B.1 About Document Filtering Technology

The automatic filtering technology in Oracle Text enables you to convert documents to HTML for document presentation with the CTX_DOC package.

To use automatic filtering for indexing and DML processing, you must specify the AUTO_FILTER object in your filter preference.

To use automatic filtering technology for converting documents to HTML with the CTX_DOC package, you need not use the AUTO_FILTER indexing preference.

This section contains these topics:

B.1.1 Latest Updates for Patch Releases

The supported platforms and formats listed in this appendix apply for this release. These supported formats are updated for patch releases.

B.1.2 Restrictions on Format Support

The formats listed in this appendix are those formats recognized by AUTO_FILTER. Recognizing a format does not necessarily mean that text can be extracted from it. For example, a scanned document is usually an image and AUTO_FILTER does not perform optical character recognition. Similarly, text cannot be extracted for indexing from multimedia file types.

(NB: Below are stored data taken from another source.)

lemma right_dini_distK:
  assumes "0 \<le> s" and "0 < distK K (z s)"
  shows "right_dini_ge (\<lambda>u. distK K (z u)) s ((norm (z s - centerK K (z s)))\<^sup>2 / distK K (z s))"
proof -
  define R where "R = distK K (z s)"
  define w where "w = norm (z s - centerK K (z s))"
  have "0 < R\<^sup>2"
    using assms(2) by (simp add: R_def)
  have "right_dini_ge (\<lambda>u. sqrt ((distK K (z u))\<^sup>2)) s (inverse (sqrt (R\<^sup>2)) / 2 * (2 * w\<^sup>2))"
    using right_dini_distK_sq_speed[OF assms(1)] unfolding R_def w_def
  proof (rule right_dini_ge_chain)
    show "mono_on {0..} sqrt"
      by (auto intro: mono_onI)
    show "0 < (distK K (z s))\<^sup>2"
      using \<open>0 < R\<^sup>2\<close> by (simp only: R_def)
    show "(sqrt has_real_derivative inverse (sqrt ((distK K (z s))\<^sup>2)) / 2) (at ((distK K (z s))\<^sup>2))"
      using DERIV_real_sqrt[OF \<open>0 < R\<^sup>2\<close>] by (simp only: R_def)
  qed simp
  moreover have "(\<lambda>u. sqrt ((distK K (z u))\<^sup>2)) = (\<lambda>u. distK K (z u))"
    by (simp add: fun_eq_iff distK_def infdist_nonneg)
  moreover have "inverse (sqrt (R\<^sup>2)) / 2 * (2 * w\<^sup>2) = w\<^sup>2 / R"
    using assms(2) by (simp add: R_def field_simps)
  ultimately show ?thesis
    by (simp add: R_def w_def)
qed

lemma right_dini_offset_gap:
  assumes "0 \<le> s" and "0 \<le> \<alpha>" and "0 < l" and "l < distK K (z s) - \<alpha>"
    and axis: "(distK K (z s) - \<alpha>) * FK K (z s) \<le> l * distK K (z s)"
  shows "right_dini_ge (\<lambda>u. sqrt ((distK K (z u) - \<alpha>)\<^sup>2 - l\<^sup>2)) s (norm (z s - centerK K (z s)))"
proof -
  define k where "k r = sqrt ((r - \<alpha>)\<^sup>2 - l\<^sup>2)" for r
  define R where "R = distK K (z s)"
  define w where "w = norm (z s - centerK K (z s))"
  have "l < R - \<alpha>"
    using assms(4) by (simp add: R_def)
  then have "0 < R"
    using assms(2,3) by simp
  have "0 < (R - \<alpha>)\<^sup>2 - l\<^sup>2"
    using \<open>l < R - \<alpha>\<close> assms(3) by (simp add: power_strict_mono)
  have k': "(k has_real_derivative (R - \<alpha>) / k R) (at R)"
  proof -
    have "((\<lambda>r. (r - \<alpha>)\<^sup>2 - l\<^sup>2) has_real_derivative 2 * (R - \<alpha>)) (at R)"
      by (auto intro!: derivative_eq_intros)
    from DERIV_chain2[OF DERIV_real_sqrt[OF \<open>0 < (R - \<alpha>)\<^sup>2 - l\<^sup>2\<close>] this]
    show ?thesis
      unfolding k_def by (rule DERIV_cong) (use \<open>0 < (R - \<alpha>)\<^sup>2 - l\<^sup>2\<close> in \<open>simp add: field_simps\<close>)
  qed
  have "mono_on {\<alpha> + l..} k"
    unfolding k_def using assms(3) by (intro mono_onI real_sqrt_le_mono diff_right_mono power_mono) auto
  moreover have "0 \<le> (R - \<alpha>) / k R"
    using \<open>l < R - \<alpha>\<close> assms(3) by (simp add: k_def)
  ultimately have "right_dini_ge (\<lambda>u. k (distK K (z u))) s ((R - \<alpha>) / k R * (w\<^sup>2 / R))"
    using right_dini_distK[OF assms(1)] \<open>0 < R\<close> k' \<open>l < R - \<alpha>\<close> unfolding R_def w_def
    by (intro right_dini_ge_chain[where c = "\<alpha> + l"]) auto
  moreover have "w \<le> (R - \<alpha>) / k R * (w\<^sup>2 / R)"
    unfolding k_def
  proof (rule speed_le_growth_rate[OF \<open>0 < R\<close> assms(3) \<open>l < R - \<alpha>\<close> FK_nonneg[OF closed nonempty]])
    show "(FK K (z s))\<^sup>2 = R\<^sup>2 - w\<^sup>2"
      using FK_sq[OF closed nonempty] by (simp add: R_def w_def)
  qed (use axis in \<open>simp_all add: R_def w_def\<close>)
  ultimately show ?thesis
    unfolding k_def w_def by (rule right_dini_ge_mono)
qed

Password-protected documents and documents with password-protected content are not supported by the AUTO_FILTER filter.

For other limitations, see "Supported Document Formats" concerning specific document types.

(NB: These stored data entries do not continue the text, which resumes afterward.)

lemma card_cross_matching:
  assumes "cross_matching X Y C" "X \<inter> Y = {}"
  shows "card X = card C"
proof -
  have side: "e \<inter> X = {x}" if e: "e \<in> C" "x \<in> e" "x \<in> X" for e x
  proof -
    obtain a b where "a \<in> X" "b \<in> Y" "e = {a, b}"
      using cross_matching_edgeE[OF assms(1) e(1)] by blast
    then show ?thesis using e(2,3) assms(2) by auto
  qed
  have pm: "perfect_matching C (X \<union> Y)" using assms(1) unfolding cross_matching_def by simp
  have elem: "the_elem (e \<inter> X) \<in> X \<inter> e" if e: "e \<in> C" for e
  proof -
    obtain a b where ab: "a \<in> X" "b \<in> Y" "e = {a, b}" using cross_matching_edgeE[OF assms(1) e] by blast
    then have "e \<inter> X = {a}" using side e by blast
    then have "the_elem (e \<inter> X) = a" by simp
    then show ?thesis using ab by simp
  qed
  have "bij_betw (\<lambda>e. the_elem (e \<inter> X)) C X"
  proof (rule bij_betw_imageI)
    show "inj_on (\<lambda>e. the_elem (e \<inter> X)) C"
      using elem perfect_matching_edge_unique[OF pm] by (intro inj_onI) (metis IntD2)
    show "(\<lambda>e. the_elem (e \<inter> X)) ` C = X"
    proof
      show "(\<lambda>e. the_elem (e \<inter> X)) ` C \<subseteq> X" using elem by blast
      show "X \<subseteq> (\<lambda>e. the_elem (e \<inter> X)) ` C"
      proof
        fix x assume "x \<in> X"
        then obtain e where e: "e \<in> C" "x \<in> e" using pm unfolding perfect_matching_def by blast
        then have "x = the_elem (e \<inter> X)" using side[OF e \<open>x \<in> X\<close>] by simp
        then show "x \<in> (\<lambda>e. the_elem (e \<inter> X)) ` C" using e(1) by (rule image_eqI)
      qed
    qed
  qed
  then show ?thesis by (simp add: bij_betw_same_card)
qed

B.1.3 Supported Platforms for AUTO_FILTER Document Filtering Technology

Several platforms can take advantage of AUTO_FILTER filter technology.

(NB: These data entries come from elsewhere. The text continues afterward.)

lemma sum_weighted_differences_history_bound:
  fixes g u :: "nat \<Rightarrow> real"
  assumes g_nonneg: "\<And>s. 0 \<le> g s" and g_decr: "\<And>s. g (Suc s) \<le> g s"
    and u_bound: "\<And>m. m \<le> k \<Longrightarrow> \<bar>u m\<bar> \<le> M"
  shows "\<bar>g 0 * u (k + 1) - (\<Sum>s=0..k. g s * (u (k - s + 1) - u (k - s)))\<bar> \<le> g 0 * M"
proof -
  have "\<bar>g 0 * u (k + 1) - (\<Sum>s=0..k. g s * (u (k - s + 1) - u (k - s)))\<bar>
      = \<bar>(\<Sum>s<k. (g s - g (s + 1)) * u (k - s)) + g k * u 0\<bar>"
    unfolding sum_weighted_differences_by_parts by simp
  also have "\<dots> \<le> (\<Sum>s<k. \<bar>(g s - g (s + 1)) * u (k - s)\<bar>) + \<bar>g k * u 0\<bar>"
    by (rule order_trans[OF abs_triangle_ineq]) (simp add: sum_abs)
  also have "\<dots> \<le> (\<Sum>s<k. (g s - g (s + 1)) * M) + g k * M"
  proof (intro add_mono sum_mono)
    fix s assume "s \<in> {..<k}"
    then show "\<bar>(g s - g (s + 1)) * u (k - s)\<bar> \<le> (g s - g (s + 1)) * M"
      using g_decr[of s] u_bound[of "k - s"] by (simp add: abs_mult mult_left_mono)
  next
    show "\<bar>g k * u 0\<bar> \<le> g k * M"
      using g_nonneg[of k] u_bound[of 0] by (simp add: abs_mult mult_left_mono)
  qed
  also have "\<dots> = g 0 * M"
    by (induction k) (simp_all add: algebra_simps)
  finally show ?thesis .
qed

B.1.3.1 Supported Platforms

AUTO_FILTER filter technology is supported on the following platforms:

  • Windows (x86 32-bit) Windows 2000, Windows Server 2003, Windows Server 2008, Windows XP, and Windows Vista Enterprise

  • Windows (x86 64-bit) Windows Server 2003 and Windows Server 2008 x64 Standard, Enterprise, and Datacenter Editions (64-bit Extended Systems)

  • HP-UX (PA-RISC 64-bit) 11.i

  • HP/UX (Itanium 64) 11i

  • IBM AIX (32-bit pSeries) 5.1 - 5.3

  • iSeries (OS/400 using PASE) V5R2

  • Red Hat Linux (x86) Advanced Server 3, 4, and 5

  • Red Hat Linux (x86) Red Hat Enterprise Linux (RHEL) 4

  • Red Hat Linux (Itanium 64) Advanced Server 3, 4, and 5

  • Red Hat Linux (zSeries, 31-bit) Advanced Server 3 and 4

  • Red Hat Enterprise Linux AS/ES 3.0, 4.0 and 5.0, x86-64 (AMD64/EM64T)Oracle Linux 4.0 and 5.0, x86-64 (AMD64/EM64T)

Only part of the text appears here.